Here's a larger view: http://flksite.com/luxi/multiproc.jpg
As you can see, PSP does use parallel processing in a multicore computer.
The burst of activity, most easily seen in the graph of CPU zero, shows that all eight cores were doing work. I doubt that the CPUs were used efficiently, though, because none of them were saturated and some did barely any work at all.
Also interesting (to me, anyway): The graph for Memory-Mapped I/O is activity on the swap (paging) file. Even though I have 32G of memory, Windows memory allocator is so crappy that it causes a lot of swap activity anyway, no matter what it's doing.
To speed that up, I have the windows paging file on a RAM disk. That's a disk drive simulated in memory. Programs can read and write from it just like it was a physical hard drive. That way, everything happens in memory which is about 100 times gaster than a physical disk. It really speeds up boot—and everything else!
As you can see from the value of "Max Swap KB" on the right side of the screen cap, my PC has done over a gigabyte of swapfile I/O in memory instead of a slow disk.
I also put the Windows and PSP temp file folders on the RAM disk. I cannot describe how fast things are when it all happens in 2.4 GHz memory on a 5 GHz processor. Unzipping even big files happens almost instantaneously, too, since it used temp files heavily.

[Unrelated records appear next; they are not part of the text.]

lemma Et_handle_Suc': "Suc j \<le> m \<Longrightarrow> Et (handle (Suc j)) (handle j)"
  using Et_handle_Suc Et_sym by blast

lemma handle_inj: "handle i = handle j \<Longrightarrow> i = j"
  by (auto simp: handle_def split: if_splits)

lemma leaf_notin_range_handle: "i < k \<Longrightarrow> (i,1) \<notin> range handle"
  by (auto simp: handle_def)

definition offset :: "nat \<Rightarrow> nat" where
  "offset i = (\<Sum>j<i. a!j - 1)"

lemma offset_Suc: "offset (Suc i) = offset i + (a!i - 1)"
  by (simp add: offset_def)

lemma offset_mono: "i \<le> j \<Longrightarrow> offset i \<le> offset j"
  unfolding offset_def by (rule sum_mono2) auto

lemma offset_k: "offset k = m"
proof -
  have "offset i + i = (\<Sum>j<i. a!j)" if "i \<le> k" for i
    using that
  proof (induction i)
    case (Suc i)
    then show ?case using nth_a_pos[of i] by (simp add: offset_def)
  qed (simp add: offset_def)
  from this[of k] show ?thesis
    using sum_a length_a by (simp add: sum_list_sum_nth lessThan_atLeast0)
qed

lemma offset_Suc_le: "i < k \<Longrightarrow> offset i + (a!i - 1) \<le> m"
  using offset_mono[of "Suc i" k] offset_k offset_Suc by simp

lemma nth_a_le: "i < k \<Longrightarrow> a!i \<le> Suc m"
  using offset_Suc_le by fastforce

lemma short_branch_exists:
  assumes "2 \<le> k" and "1 \<le> m"
  shows "\<exists>i<k. a!i \<le> m"
proof -
  have "(a!0 - 1) + (a!1 - 1) \<le> m"
    using offset_mono[of 2 k] offset_k assms(1) by (simp add: offset_def numeral_2_eq_2)
  then have "a!0 \<le> m \<or> a!1 \<le> m" using assms nth_a_pos[of 0] nth_a_pos[of 1] by linarith
  moreover have "0 < k" "1 < k" using assms(1) by auto
  ultimately show ?thesis by blast
qed

section \<open>Closed walks of a starlike tree inside the broom\<close>

abbreviation "CS L \<equiv> closed_walks Vs Es L"
abbreviation "CT L \<equiv> closed_walks Vt Et L"

definition fold_edge :: "nat \<times> nat \<Rightarrow> nat \<times> nat \<Rightarrow> nat \<times> nat" where
  "fold_edge x y = (if y = (0,0) then (0,0) else if x = (0,0) then (fst y, 1) else handle (snd x - 1))"

definition source_depth :: "nat \<times> nat \<Rightarrow> nat" where
  "source_depth v = (if v = (0,0) then 1 else if fst v = k then snd v + 1 else 0)"

lemma source_depth_fold_edge: "Es x y \<Longrightarrow> source_depth (fold_edge x y) = snd x"
  using Es_cases[of x y] by (auto simp: fold_edge_def source_depth_def handle_def mem_Vs)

There are probably several ramdisk programs available that allow you to put the paging file on a RAM disk, but I use WinRamTech's RAMdisk, Full Version. http://winramtech.atwebpages.com/RAMDriv/ramdriv.htm
After installing the ramdisk, go to Ctrl Panel ➜ System ➜ Advanced System Settings (on the left) ➜ Advanced tab ➜ Performance Settings ➜ Advanced ➜ Change. Set all drives to "No paging file" and set your RAM drive paging file to System Managed Size. Note that it will only use as much of the ram drive as it needs.

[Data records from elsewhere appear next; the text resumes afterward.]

(* Let $q\ge 1$ and, for each $k\in\{1,\dots,q\}$, let $M_k\ge 2$ be an integer and $0=x_{k,0}<x_{k,1}<\dots<x_{k,M_k}=1$. Let data values $z_{(1,j_1)\cdots(q,j_q)}\in\mathbb{R}$ be given for all $(j_1,\dots,j_q)\in\prod_{k=1}^q\{0,1,\dots,M_k\}$. Let the maps $u_{k,i}$ and the function $\eta$ be as in the context, and for each $(i_1,\dots,i_q)\in\prod_{k=1}^q\{1,\dots,M_k\}$ let $F_{i_1\cdots i_q}:I^q\times\mathbb{R}\to\mathbb{R}$ be continuous and satisfy: (1) $F_{i_1\cdots i_q}\big(x_{1,k_1},\dots,x_{q,k_q},z_{(1,k_1)\cdots(q,k_q)}\big)=z_{(1,\eta(i_1,k_1))\cdots(q,\eta(i_q,k_q))}$ for all $(k_1,\dots,k_q)\in\prod_{j=1}^q\{0,M_j\}$; (2) there is $0<\gamma_{i_1\cdots i_q}<1$ with $|F_{i_1\cdots i_q}(x,z^* )-F_{i_1\cdots i_q}(x,z^{**})|\le\gamma_{i_1\cdots i_q}|z^*-z^{**}|$ for all $x\in I^q$, $z^*,z^{**}\in\mathbb{R}$; (3) (matching conditions) for every $k\in\{1,\dots,q\}$, every $i_k\in\{1,\dots,M_k-1\}$ and every choice of $i_j\in\{1,\dots,M_j\}$ for $j\ne k$, putting $x_k^*=u_{k,i_k}^{-1}(x_{k,i_k})=u_{k,i_k+1}^{-1}(x_{k,i_k})$, one has $F_{i_1\cdots i_{k-1}\,i_k\,i_{k+1}\cdots i_q}(x_1,\dots,x_{k-1},x_k^*,x_{k+1},\dots,x_q,z)=F_{i_1\cdots i_{k-1}\,(i_k+1)\,i_{k+1}\cdots i_q}(x_1,\dots,x_{k-1},x_k^*,x_{k+1},\dots,x_q,z)$ for all $x_j\in I$ ($j\neq k$) and $z\in\mathbb{R}$. Define $\Omega_{i_1\cdots i_q}:I^q\times\mathbb{R}\to I^q\times\mathbb{R}$ by $\Omega_{i_1\cdots i_q}(x_1,\dots,x_q,z)=\big(u_{1,i_1}(x_1),\dots,u_{q,i_q}(x_q),F_{i_1\cdots i_q}(x_1,\dots,x_q,z)\big)$. Then there is a unique continuous function $\mathcal{A}:I^q\to\mathbb{R}$ whose graph $H=\{(x,\mathcal{A}(x)):x\in I^q\}$ satisfies $H=\bigcup_{(i_1,\dots,i_q)\in\prod_k\{1,\dots,M_k\}}\Omega_{i_1\cdots i_q}(H)$; moreover $\mathcal{A}(x_{1,j_1},\dots,x_{q,j_q})=z_{(1,j_1)\cdots(q,j_q)}$ for all $(j_1,\dots,j_q)\in\prod_{k=1}^q\{0,\dots,M_k\}$.
   Context: $I=[0,1]$, $I^q$ is the $q$-fold Cartesian product. For $k\in\{1,\dots,q\}$ and $i\in\{1,\dots,M_k\}$, $I_{k,i}=[x_{k,i-1},x_{k,i}]$ and $u_{k,i}:I\to I_{k,i}$ is a homeomorphism onto $I_{k,i}$ which is a contraction ($|u_{k,i}(x)-u_{k,i}(y)|\le\mu_{k,i}|x-y|$ with $0<\mu_{k,i}<1$) and satisfies $u_{k,i}(0)=x_{k,i-1}$, $u_{k,i}(1)=x_{k,i}$ if $i$ is odd, and $u_{k,i}(0)=x_{k,i}$, $u_{k,i}(1)=x_{k,i-1}$ if $i$ is even. The function $\eta$ is defined on pairs $(i,e)$ with $i$ an integer and $e\in\{0,M_1,\dots,M_q\}$ by: if $i$ is odd, $\eta(i,0)=i-1$ and $\eta(i,M_j)=i$; if $i$ is even, $\eta(i,0)=i$ and $\eta(i,M_j)=i-1$. *)

theory Defs
  imports "HOL-Analysis.Analysis"
begin

definition cube :: "nat \<Rightarrow> (nat \<Rightarrow> real) set" where
  "cube q = PiE {1..q} (\<lambda>_. {0..1})"

text \<open>The function eta; the second argument is either 0 or some M_j (M_j \<ge> 2).\<close>
definition eta :: "nat \<Rightarrow> nat \<Rightarrow> nat" where
  "eta i e = (if odd i then (if e = 0 then i - 1 else i) else (if e = 0 then i else i - 1))"

end

theory Submission
  imports Defs
begin

(* The graph of A is invariant under the maps Omega_i exactly when A is a fixed point of the
   Read-Bajraktarevic operator, (RB a)(U_i x) = F_i(x, a x), where U_i = (u_{1,i_1}, ..., u_{q,i_q})
   maps I^q onto the cell indexed by i. The matching conditions make RB well defined on faces
   shared by neighbouring cells, so by pasting over the finitely many closed cells RB preserves
   continuity; the uniform contractivity of the F_i in their last argument makes it a contraction
   for the sup metric, and Banach's theorem yields the unique continuous fixed point.
   For interpolation, every grid node is the image under some U_i of a corner of I^q, and every
   corner arises in at most one further step from a corner that is fixed by its own map; at such
   a corner both the value of A and the datum z are fixed points of a contraction, so they agree. *)

lemma PiE_eq_PiE_UNIV: "PiE I S = PiE UNIV (\<lambda>k. if k \<in> I then S k else {undefined})"
  by (auto simp: PiE_iff extensional_def split: if_splits)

You can place the temp file folder there too, by editing the registry. Just search for the key "tmp". Near it will be another key where you can set TEMP to the same folder. Make sure you change all occurrences.
Note that I also direct all my downloads to the ram disk so that install/setup programs run very fast and go away when I turn off my PC. This reduces file fragmentation and prevents the buildup of a huge download directory full of install files I'll never need.